PINNEEYYY NOOOHHHHH!!!!!!!!!!!!! D=


----------



## Solodini

Spoiler



When Jax went Nomad he didn't leave the club. He was still part of the Sons, he just didn't belong to a particular charter.


----------



## Chickenhawk

Spoiler



he wasn't a part of SAMCRO anymore, that's all I was getting at. I know he was still a Son.



For anybody that hasn't figured it out yet, SAMCRO stands for *S*ons of *A*narchy *M*otorcycle *C*lub *R*edwood *O*riginal. 

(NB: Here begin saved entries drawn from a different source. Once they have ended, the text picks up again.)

(* With T = 2 the second slot is the last one, so whatever is sensed
   there only influences the immediate reward, namely 1 minus the probability that
   all sensed channels are busy.  An exchange argument shows that every set of k
   channels with the largest beliefs minimises this "miss probability" over all
   admissible sets; hence any policy that senses a top-k set in slot 2 earns, in
   total, a quantity that depends only on its first action A: the one-step
   lookahead value of A.
   For the concrete instance the myopic first action is forced to be {1,2,3};
   evaluating the lookahead values of {1,2,4} and {1,2,3} exactly in rational
   arithmetic shows the former is larger, so the myopic policy is not optimal. *)

section \<open>Miss probability and top-k sets\<close>

text \<open>Probability that all channels of S are busy under independent beliefs w;
  sensing S in the last slot yields expected reward 1 minus this quantity.\<close>
definition miss_prob :: "belief \<Rightarrow> nat set \<Rightarrow> real" where
  "miss_prob w S = (\<Prod>i\<in>S. 1 - w i)"

definition min_miss :: "nat \<Rightarrow> nat \<Rightarrow> belief \<Rightarrow> real" where
  "min_miss N k w = Min (miss_prob w ` {S. S \<subseteq> {1..N} \<and> card S = k})"

lemma prod_busy_le_threshold:
  fixes w :: belief
  assumes "finite D" "finite E" "card D = card E"
    and "\<forall>i\<in>D. \<forall>j\<in>E. w j \<le> w i" and "\<forall>i\<in>D. w i \<le> 1"
  shows "(\<Prod>i\<in>D. 1 - w i) \<le> (\<Prod>j\<in>E. 1 - w j)"
proof (cases "D = {}")
  case True
  then show ?thesis using assms(2,3) by simp
next
  case False
  define c where "c = Min (w ` D)"
  have c_in: "c \<in> w ` D" using False assms(1) by (simp add: c_def)
  have c_le: "\<forall>i\<in>D. c \<le> w i" using assms(1) by (simp add: c_def)
  have "(\<Prod>i\<in>D. 1 - w i) \<le> (\<Prod>i\<in>D. 1 - c)"
    using c_le assms(5) by (intro prod_mono) auto
  also have "\<dots> = (\<Prod>j\<in>E. 1 - c)" using assms(3) by simp
  also have "\<dots> \<le> (\<Prod>j\<in>E. 1 - w j)"
    using c_in assms(4,5) by (intro prod_mono) auto
  finally show ?thesis .
qed

text \<open>Exchange argument: a top-k set has miss probability no larger than any
  other set of k channels.\<close>
lemma topk_miss_prob_le:
  assumes top: "is_topk N k w S" and S': "S' \<subseteq> {1..N}" "card S' = k"
    and w01: "\<forall>i\<in>{1..N}. 0 \<le> w i \<and> w i \<le> 1"
  shows "miss_prob w S \<le> miss_prob w S'"
proof -
  have SN: "S \<subseteq> {1..N}" and cS: "card S = k"
    and sep: "\<forall>i\<in>S. \<forall>j\<in>{1..N} - S. w j \<le> w i"
    using top by (auto simp: is_topk_def)
  have fin: "finite S" "finite S'" using SN S' finite_subset by auto
  have same_card: "card (S - S') = card (S' - S)"
    using fin cS S'(2) card_Int_Diff[of S S'] card_Int_Diff[of S' S] by (simp add: Int_commute)
  have common_nonneg: "0 \<le> (\<Prod>i\<in>S \<inter> S'. 1 - w i)"
    using SN w01 by (intro prod_nonneg) auto
  have diff_le: "(\<Prod>i\<in>S - S'. 1 - w i) \<le> (\<Prod>j\<in>S' - S. 1 - w j)"
    using fin same_card sep S'(1) SN w01 by (intro prod_busy_le_threshold) auto
  have "miss_prob w S = (\<Prod>i\<in>S \<inter> S'. 1 - w i) * (\<Prod>i\<in>S - S'. 1 - w i)"
    using fin by (simp add: miss_prob_def prod.Int_Diff[of S _ S'])
  also have "\<dots> \<le> (\<Prod>i\<in>S \<inter> S'. 1 - w i) * (\<Prod>j\<in>S' - S. 1 - w j)"
    using diff_le common_nonneg by (rule mult_left_mono)
  also have "\<dots> = miss_prob w S'"
    using fin by (simp add: miss_prob_def prod.Int_Diff[of S' _ S] Int_commute)
  finally show ?thesis .
qed

lemma topk_min_miss:
  assumes "is_topk N k w S" and "\<forall>i\<in>{1..N}. 0 \<le> w i \<and> w i \<le> 1"
  shows "min_miss N k w = miss_prob w S"
proof -
  have "finite {S. S \<subseteq> {1..N} \<and> card S = k}"
    by (rule finite_subset[of _ "Pow {1..N}"]) auto
  moreover have "S \<in> {S. S \<subseteq> {1..N} \<and> card S = k}"
    using assms(1) by (simp add: is_topk_def)
  ultimately show ?thesis
    unfolding min_miss_def using topk_miss_prob_le[OF assms(1) _ _ assms(2)]
    by (intro Min_eqI) auto
qed

lemma topk_unique:
  assumes top: "is_topk N k w S" and S0: "S0 \<subseteq> {1..N}" "card S0 = k"
    and strict: "\<forall>i\<in>S0. \<forall>j\<in>{1..N} - S0. w j < w i"
  shows "S = S0"
proof -
  have SN: "S \<subseteq> {1..N}" and cS: "card S = k"
    and sep: "\<forall>i\<in>S. \<forall>j\<in>{1..N} - S. w j \<le> w i"
    using top by (auto simp: is_topk_def)
  have fin: "finite S" "finite S0" using SN S0 finite_subset by auto
  have "S0 \<subseteq> S"
  proof
    fix i assume i: "i \<in> S0"
    show "i \<in> S"
    proof (rule ccontr)
      assume "i \<notin> S"
      then have "S0 - S \<noteq> {}" using i by blast
      moreover have "card (S - S0) = card (S0 - S)"
        using fin cS S0(2) card_Int_Diff[of S S0] card_Int_Diff[of S0 S] by (simp add: Int_commute)
      ultimately obtain j where j: "j \<in> S" "j \<notin> S0"
        using fin by (metis card_0_eq finite_Diff ex_in_conv DiffE)
      have "w i \<le> w j" using sep j(1) i \<open>i \<notin> S\<close> S0(1) by auto
      moreover have "w j < w i" using strict i j SN by auto
      ultimately show False by simp
    qed
  qed
  then show ?thesis using fin cS S0(2) by (metis card_subset_eq)
qed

Took me two seasons to figure that out , since they never say it in the show.

Also:

Who'd of guessed it; another plot twist.


----------



## Sebastian

The last episode was awesome! I hate waiting for new episodes...


----------



## Lukifer

Spoiler



The way I hope it pans out is that Clay is exposed, Piney or Jax or even Unser kills him, Jax realizes this is his chance to turn the club around and make it the way John Teller wanted it to be. If the club went legit and Jax and his family were safe, he is in charge of shit, he may stay and run the club. There will still be hurdles, they have to earn money to eat. SO I can see atleast 2 more seasons. But I agree I hope it doesnt go on for 14 seasons and run it into the ground.


----------



## Chickenhawk

Spoiler



I don't see Piney doing anything, Lukifer. You missed the new episode, didn't you? Tsk tsk


----------



## Lukifer

Chickenhawk said:


> Spoiler
> 
> 
> 
> I don't see Piney doing anything, Lukifer. You missed the new episode, didn't you? Tsk tsk



Yup, got in a fight with my wife, got drunk, and isolated myself in my man cave. Granted I could have watched it on my computer, it wasnt on my priority list. But tonight is a new night!!


----------



## Chickenhawk

Lukifer said:


> Yup, got in a fight with my wife, got drunk, and isolated myself in my man cave. Granted I could have watched it on my computer, it wasnt on my priority list. But tonight is a new night!!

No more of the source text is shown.